## [WHAT IS REQUIRED]
A single number is the answer here: the count of lines in the data below that include the word "induction".

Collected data
(* Let $p$ be an odd prime, $a_1,a_2,a_3\in\mathbb{F}_p$, $s=3+a_1+a_2+a_3$, and let $x\neq(0,0,0)$ be a solution in $\mathbb{F}_p^3$ of \[ x_1^2+x_2^2+x_3^2+a_1x_2x_3+a_2x_1x_3+a_3x_1x_2 = s\,x_1x_2x_3 \] with $x_i = 0$ for some index $i$ (indices modulo $3$). Let $m_k$ ($k=1,2,3$) replace $x_k$ by $-x_k + s x_{k-1}x_{k+1} - a_{k+1}x_{k-1} - a_{k-1}x_{k+1}$ leaving the other coordinates unchanged, let $\rho = m_{i+1}\circ m_{i-1}$, and let $N$ be the order of $\rho$ as a permutation of the nonzero solutions with $i$-th coordinate $0$. If $N\geq 2$, then the $2N$ points \[ x,\ \rho x,\ \ldots,\ \rho^{N-1}x,\ m_{i-1}x,\ m_{i-1}\rho x,\ \ldots,\ m_{i-1}\rho^{N-1}x \] are pairwise distinct. *)

theory Defs
  imports "HOL-Analysis.Finite_Cartesian_Product" "HOL-Library.Numeral_Type"
          "HOL-Computational_Algebra.Primes"
begin

text \<open>Points of F_p^3 are vectors indexed by the type 3 (integers mod 3), so that
  index arithmetic k-1, k+1 is automatically modulo 3. Index 3 coincides with index 0.\<close>

definition s_param :: "'a::field ^ 3 \<Rightarrow> 'a" where
  "s_param a = 3 + a$1 + a$2 + a$3"

definition markov_eq :: "'a::field ^ 3 \<Rightarrow> 'a ^ 3 \<Rightarrow> bool" where
  "markov_eq a x \<longleftrightarrow>
     (x$1)^2 + (x$2)^2 + (x$3)^2 + a$1 * x$2 * x$3 + a$2 * x$1 * x$3 + a$3 * x$1 * x$2
       = s_param a * x$1 * x$2 * x$3"

definition move :: "'a::field ^ 3 \<Rightarrow> 3 \<Rightarrow> 'a ^ 3 \<Rightarrow> 'a ^ 3" where
  "move a k x = (\<chi> j. if j = k then
       - x$k + s_param a * x$(k-1) * x$(k+1) - a$(k+1) * x$(k-1) - a$(k-1) * x$(k+1)
     else x$j)"

definition rot :: "'a::field ^ 3 \<Rightarrow> 3 \<Rightarrow> 'a ^ 3 \<Rightarrow> 'a ^ 3" where
  "rot a i = move a (i+1) \<circ> move a (i-1)"

definition sol_plane :: "'a::field ^ 3 \<Rightarrow> 3 \<Rightarrow> ('a ^ 3) set" where
  "sol_plane a i = {y. markov_eq a y \<and> y \<noteq> 0 \<and> y$i = 0}"

definition rot_order :: "'a::field ^ 3 \<Rightarrow> 3 \<Rightarrow> nat" where
  "rot_order a i = (LEAST n. n > 0 \<and> (\<forall>y\<in>sol_plane a i. (rot a i ^^ n) y = y))"

end

theory Submission
  imports Defs "HOL-Analysis.Cartesian_Space"
begin

(* On the plane x_i = 0, with u = x_{i+1}, v = x_{i-1} and c = a_i, the equation becomes
   u^2 + v^2 + c u v = 0 and both m_{i-1}: v -> -v - c u and m_{i+1}: u -> -u - c v act
   linearly, so rho is a linear map of the plane. A short computation shows that rho sends
   every solution to a multiple of itself, whereas m_{i-1} x is not a multiple of x unless
   c^2 = 4; and c^2 = 4 forces rho to fix all solutions, i.e. N = 1.
   Since rho^d m_{i-1} rho^d = m_{i-1}, a power rho^d fixing x also fixes m_{i-1} x, hence the
   whole plane, which the minimality of N excludes for 0 < d < N. Similarly
   m_{i-1} rho^k x = rho^j x would give m_{i-1} x = rho^(j+k) x, a multiple of x. *)

lemma inj_on_funpow_if_no_shorter_period:
  assumes "inj f" "\<And>d. 0 < d \<Longrightarrow> d < n \<Longrightarrow> (f ^^ d) x \<noteq> x"
  shows "inj_on (\<lambda>k. (f ^^ k) x) {0..<n}"
proof -
  have "(f ^^ k) x \<noteq> (f ^^ l) x" if "k < l" "l < n" for k l
  proof
    assume "(f ^^ k) x = (f ^^ l) x"
    also have "\<dots> = (f ^^ (k + (l - k))) x"
      using that by simp
    also have "\<dots> = (f ^^ k) ((f ^^ (l - k)) x)"
      by (simp add: funpow_add)
    finally have "(f ^^ (l - k)) x = x"
      using inj_fn[OF assms(1), of k] by (simp add: inj_eq)
    with assms(2)[of "l - k"] that show False by (simp add: less_imp_diff_less)
  qed
  then show ?thesis
    unfolding inj_on_def by (metis atLeastLessThan_iff linorder_neqE_nat)
qed


lemma index3_arith:
  fixes i :: 3
  shows "i - 1 - 1 = i + 1" "i - 1 + 1 = i" "i + 1 + 1 = i - 1" "i + 1 - 1 = i"
    and "i + 1 \<noteq> i" "i - 1 \<noteq> i"
  using exhaust_3[of i] by auto

lemma index3_cases:
  fixes i j :: 3
  shows "j = i \<or> j = i + 1 \<or> j = i - 1"
  using exhaust_3[of i] exhaust_3[of j] by auto

lemma vec3_eq_iff:
  fixes y z :: "'a ^ 3"
  shows "y = z \<longleftrightarrow> y$i = z$i \<and> y$(i+1) = z$(i+1) \<and> y$(i-1) = z$(i-1)"
  unfolding vec_eq_iff using index3_cases[of _ i] by metis

lemma markov_eq_on_plane:
  assumes "y$i = 0"
  shows "markov_eq a y \<longleftrightarrow> (y$(i+1))^2 + (y$(i-1))^2 + a$i * y$(i+1) * y$(i-1) = 0"
proof -
  have numerals: "(0::3) = 3" "(4::3) = 1"
    by simp_all
  show ?thesis
    using exhaust_3[of i] assms by (auto simp: markov_eq_def numerals algebra_simps)
qed

lemma move_involutive: "move a k (move a k y) = y"
  unfolding move_def vec_eq_iff using index3_arith[of k] by auto

lemma inj_move: "inj (move a k)"
  by (metis injI move_involutive)

lemma move_pred_on_plane:
  assumes "y$i = 0"
  shows "move a (i-1) y $ i = 0" "move a (i-1) y $ (i+1) = y$(i+1)"
    and "move a (i-1) y $ (i-1) = - y$(i-1) - a$i * y$(i+1)"
  using assms unfolding move_def by (auto simp: index3_arith)

lemma move_succ_on_plane:
  assumes "y$i = 0"
  shows "move a (i+1) y $ i = 0" "move a (i+1) y $ (i-1) = y$(i-1)"
    and "move a (i+1) y $ (i+1) = - y$(i+1) - a$i * y$(i-1)"
  using assms unfolding move_def by (auto simp: index3_arith)

lemma rot_on_plane:
  assumes "y$i = 0"
  shows "rot a i y $ i = 0"
    and "rot a i y $ (i+1) = - y$(i+1) - a$i * (- y$(i-1) - a$i * y$(i+1))"
    and "rot a i y $ (i-1) = - y$(i-1) - a$i * y$(i+1)"
  using assms by (simp_all add: rot_def move_pred_on_plane move_succ_on_plane)

lemma funpow_rot_on_plane: "y$i = 0 \<Longrightarrow> (rot a i ^^ n) y $ i = 0"
  by (induction n) (simp_all add: rot_on_plane)

lemma inj_rot: "inj (rot a i)"
  unfolding rot_def by (intro inj_compose inj_move)

lemma rot_sol_plane:
  assumes "y \<in> sol_plane a i"
  shows "rot a i y \<in> sol_plane a i"
proof -
  have y: "markov_eq a y" "y \<noteq> 0" "y$i = 0"
    using assms by (auto simp: sol_plane_def)
  have "rot a i y \<noteq> rot a i 0"
    using y(2) inj_rot by (metis injD)
  moreover have "rot a i 0 = 0"
    by (simp add: rot_def move_def vec_eq_iff)
  moreover have "markov_eq a (rot a i y)"
    using y(1) unfolding markov_eq_on_plane[OF rot_on_plane(1)[OF y(3)]]
      markov_eq_on_plane[OF y(3)] rot_on_plane[OF y(3)]
    by (simp add: algebra_simps power2_eq_square)
  ultimately show ?thesis
    using rot_on_plane(1)[OF y(3)] by (simp add: sol_plane_def)
qed

lemma funpow_rot_sol_plane: "y \<in> sol_plane a i \<Longrightarrow> (rot a i ^^ n) y \<in> sol_plane a i"
  by (induction n) (simp_all add: rot_sol_plane)

lemma rot_move_pred_rot: "rot a i (move a (i-1) (rot a i y)) = move a (i-1) y"
  by (simp add: rot_def move_involutive)

lemma funpow_rot_move_pred_funpow_rot:
  "(rot a i ^^ n) (move a (i-1) ((rot a i ^^ n) y)) = move a (i-1) y"
proof (induction n arbitrary: y)
  case 0
  show ?case by simp
next
  case (Suc n)
  have "(rot a i ^^ Suc n) (move a (i-1) ((rot a i ^^ Suc n) y))
      = (rot a i ^^ n) (rot a i (move a (i-1) (rot a i ((rot a i ^^ n) y))))"
    by (simp only: funpow.simps(2) funpow_swap1 o_apply)
  also have "\<dots> = move a (i-1) y"
    by (simp add: rot_move_pred_rot Suc)
  finally show ?case .
qed

lemma rot_plane_linear:
  assumes "y$i = 0" "z$i = 0"
  shows "rot a i (\<alpha> *s y + \<beta> *s z) = \<alpha> *s rot a i y + \<beta> *s rot a i z"
proof -
  have "(\<alpha> *s y + \<beta> *s z) $ i = 0"
    using assms by simp
  then show ?thesis
    using assms by (simp add: vec3_eq_iff[where i=i] rot_on_plane) (simp add: algebra_simps)
qed

lemma funpow_rot_plane_linear:
  assumes "y$i = 0" "z$i = 0"
  shows "(rot a i ^^ n) (\<alpha> *s y + \<beta> *s z) = \<alpha> *s (rot a i ^^ n) y + \<beta> *s (rot a i ^^ n) z"
  by (induction n) (simp_all add: rot_plane_linear funpow_rot_on_plane assms)

definition plane_det :: "3 \<Rightarrow> 'a::field ^ 3 \<Rightarrow> 'a ^ 3 \<Rightarrow> 'a" where
  "plane_det i y z = y$(i+1) * z$(i-1) - y$(i-1) * z$(i+1)"

lemma plane_decomposition:
  assumes "y$i = 0" "z$i = 0" "w$i = 0" "plane_det i y z \<noteq> 0"
  shows "w = (plane_det i w z / plane_det i y z) *s y + (plane_det i y w / plane_det i y z) *s z"
  using assms by (simp add: vec3_eq_iff[where i=i] plane_det_def divide_simps) (simp add: algebra_simps)

lemma funpow_rot_fixes_plane:
  assumes "y$i = 0" "z$i = 0" "plane_det i y z \<noteq> 0"
    and "(rot a i ^^ n) y = y" "(rot a i ^^ n) z = z" "w$i = 0"
  shows "(rot a i ^^ n) w = w"
  using plane_decomposition[OF assms(1,2,6,3)] funpow_rot_plane_linear[OF assms(1,2)] assms(4,5)
  by metis

lemma plane_det_rot:
  assumes "y$i = 0" "markov_eq a y"
  shows "plane_det i y (rot a i y) = 0"
proof -
  have "plane_det i y (rot a i y)
      = - a$i * ((y$(i+1))^2 + (y$(i-1))^2 + a$i * y$(i+1) * y$(i-1))"
    unfolding plane_det_def rot_on_plane[OF assms(1)] by (simp add: algebra_simps power2_eq_square)
  then show ?thesis
    using assms markov_eq_on_plane[OF assms(1)] by simp
qed

lemma plane_det_trans:
  assumes "plane_det i y z = 0" "plane_det i z w = 0" "z$(i+1) \<noteq> 0 \<or> z$(i-1) \<noteq> 0"
  shows "plane_det i y w = 0"
proof -
  have "z$(i+1) * plane_det i y w = y$(i+1) * plane_det i z w + w$(i+1) * plane_det i y z"
    and "z$(i-1) * plane_det i y w = y$(i-1) * plane_det i z w + w$(i-1) * plane_det i y z"
    by (simp_all add: plane_det_def algebra_simps)
  then show ?thesis
    using assms by auto
qed

lemma plane_det_funpow_rot:
  assumes "y \<in> sol_plane a i"
  shows "plane_det i y ((rot a i ^^ n) y) = 0"
proof (induction n)
  case 0
  show ?case by (simp add: plane_det_def)
next
  case (Suc n)
  let ?z = "(rot a i ^^ n) y"
  have z: "?z \<in> sol_plane a i"
    using assms by (rule funpow_rot_sol_plane)
  then have "plane_det i ?z (rot a i ?z) = 0"
    by (simp add: plane_det_rot sol_plane_def)
  moreover have "?z$(i+1) \<noteq> 0 \<or> ?z$(i-1) \<noteq> 0"
    using z by (auto simp: sol_plane_def vec3_eq_iff[where i=i])
  ultimately show ?case
    using Suc plane_det_trans by simp
qed

lemma plane_det_move_pred:
  assumes "y \<in> sol_plane a i" "(a$i)^2 \<noteq> 4"
  shows "plane_det i y (move a (i-1) y) \<noteq> 0"
proof -
  let ?u = "y$(i+1)" and ?v = "y$(i-1)" and ?c = "a$i"
  have y: "y$i = 0" "y \<noteq> 0" "markov_eq a y"
    using assms(1) by (auto simp: sol_plane_def)
  have Q: "?u^2 + ?v^2 + ?c * ?u * ?v = 0"
    using y markov_eq_on_plane by blast
  have "?u \<noteq> 0"
  proof
    assume "?u = 0"
    with Q have "?v = 0" by simp
    with \<open>?u = 0\<close> y(1,2) show False by (simp add: vec3_eq_iff[where i=i])
  qed
  moreover have "2 * ?v + ?c * ?u \<noteq> 0"
  proof
    assume "2 * ?v + ?c * ?u = 0"
    moreover have "4 * (?u^2 + ?v^2 + ?c * ?u * ?v) = (2 * ?v + ?c * ?u)^2 + (4 - ?c^2) * ?u^2"
      by (simp add: algebra_simps power2_eq_square)
    ultimately have "(4 - ?c^2) * ?u^2 = 0"
      using Q by simp
    with assms(2) \<open>?u \<noteq> 0\<close> show False by simp
  qed
  moreover have "plane_det i y (move a (i-1) y) = - ?u * (2 * ?v + ?c * ?u)"
    unfolding plane_det_def move_pred_on_plane[OF y(1)] by (simp add: algebra_simps)
  ultimately show ?thesis by simp
qed

lemma rot_fixes_sol_plane_if_sq_eq_4:
  assumes "y \<in> sol_plane a i" "(a$i)^2 = 4"
  shows "rot a i y = y"
proof -
  let ?u = "y$(i+1)" and ?v = "y$(i-1)" and ?c = "a$i"
  have y: "y$i = 0" "markov_eq a y"
    using assms(1) by (auto simp: sol_plane_def)
  have "?c = 2 \<or> ?c = -2"
    using assms(2) power2_eq_iff[of ?c 2] by simp
  then obtain e where e: "e^2 = 1" "?c = 2 * e"
    by (metis mult.right_neutral mult_minus_right power2_minus power_one)
  have "(?u + e * ?v)^2 = ?u^2 + ?v^2 + ?c * ?u * ?v"
    using e by (simp add: algebra_simps power2_eq_square)
  also have "\<dots> = 0"
    using y markov_eq_on_plane by blast
  finally have line: "?u + e * ?v = 0"
    by simp
  have "rot a i y $ (i+1) - ?u = 2 * (?u + e * ?v) + (?c^2 - 4) * ?u"
    and "rot a i y $ (i-1) - ?v = - 2 * e * (?u + e * ?v) + 2 * (e^2 - 1) * ?v"
    unfolding rot_on_plane[OF y(1)] using e(2) by (simp_all add: algebra_simps power2_eq_square)
  then show ?thesis
    using line e(1) assms(2) y(1) rot_on_plane(1)[OF y(1)] by (simp add: vec3_eq_iff[where i=i])
qed

lemma sol_plane_not_fixed_below_rot_order:
  assumes "0 < n" "n < rot_order a i"
  shows "\<exists>y\<in>sol_plane a i. (rot a i ^^ n) y \<noteq> y"
  using not_less_Least[of n "\<lambda>n. n > 0 \<and> (\<forall>y\<in>sol_plane a i. (rot a i ^^ n) y = y)"] assms
  unfolding rot_order_def by auto

lemma sq_ne_4_if_rot_order_ge_2:
  assumes "rot_order a i \<ge> 2"
  shows "(a$i)^2 \<noteq> 4"
  using assms sol_plane_not_fixed_below_rot_order[where n=1 and a=a and i=i]
    rot_fixes_sol_plane_if_sq_eq_4
  by fastforce

lemma funpow_rot_ne_self:
  assumes "x \<in> sol_plane a i" "(a$i)^2 \<noteq> 4" "0 < n" "n < rot_order a i"
  shows "(rot a i ^^ n) x \<noteq> x"
proof
  assume fixes_x: "(rot a i ^^ n) x = x"
  then have "(rot a i ^^ n) (move a (i-1) x) = move a (i-1) x"
    using funpow_rot_move_pred_funpow_rot[where a=a and i=i and n=n and y=x] by simp
  then have "(rot a i ^^ n) w = w" if "w$i = 0" for w
    using funpow_rot_fixes_plane[OF _ _ plane_det_move_pred[OF assms(1,2)] fixes_x] that assms(1)
    by (simp add: sol_plane_def move_pred_on_plane)
  then show False
    using sol_plane_not_fixed_below_rot_order[OF assms(3,4)] by (auto simp: sol_plane_def)
qed

lemma funpow_rot_ne_move_pred_funpow_rot:
  assumes "x \<in> sol_plane a i" "(a$i)^2 \<noteq> 4"
  shows "(rot a i ^^ j) x \<noteq> move a (i-1) ((rot a i ^^ k) x)"
proof
  assume "(rot a i ^^ j) x = move a (i-1) ((rot a i ^^ k) x)"
  then have "(rot a i ^^ (k + j)) x = move a (i-1) x"
    using funpow_rot_move_pred_funpow_rot[where a=a and i=i and n=k and y=x] by (simp add: funpow_add)
  then show False
    using plane_det_funpow_rot[OF assms(1), of "k + j"] plane_det_move_pred[OF assms] by simp
qed

theorem proposition2p2:
  fixes a x :: "'a::{field,finite} ^ 3" and i :: 3
  assumes "prime CARD('a)" and "odd CARD('a)"
    and "markov_eq a x" and "x \<noteq> 0" and "x$i = 0"
    and "rot_order a i \<ge> 2"
  shows "distinct (map (\<lambda>j. (rot a i ^^ j) x) [0..<rot_order a i]
                   @ map (\<lambda>j. move a (i-1) ((rot a i ^^ j) x)) [0..<rot_order a i])"
proof -
  have x: "x \<in> sol_plane a i"
    using assms(3-5) by (simp add: sol_plane_def)
  have sq: "(a$i)^2 \<noteq> 4"
    using assms(6) by (rule sq_ne_4_if_rot_order_ge_2)
  have orbit: "inj_on (\<lambda>j. (rot a i ^^ j) x) {0..<rot_order a i}"
    using inj_rot funpow_rot_ne_self[OF x sq] by (rule inj_on_funpow_if_no_shorter_period)
  moreover have "inj_on (\<lambda>j. move a (i-1) ((rot a i ^^ j) x)) {0..<rot_order a i}"
    using orbit by (simp add: inj_on_def inj_eq[OF inj_move])
  moreover have "(rot a i ^^ j) x \<noteq> move a (i-1) ((rot a i ^^ k) x)" for j k
    using x sq by (rule funpow_rot_ne_move_pred_funpow_rot)
  ultimately show ?thesis
    unfolding distinct_append distinct_map set_map set_upt using distinct_upt by blast
qed

end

## [YOUR SOLUTION]
5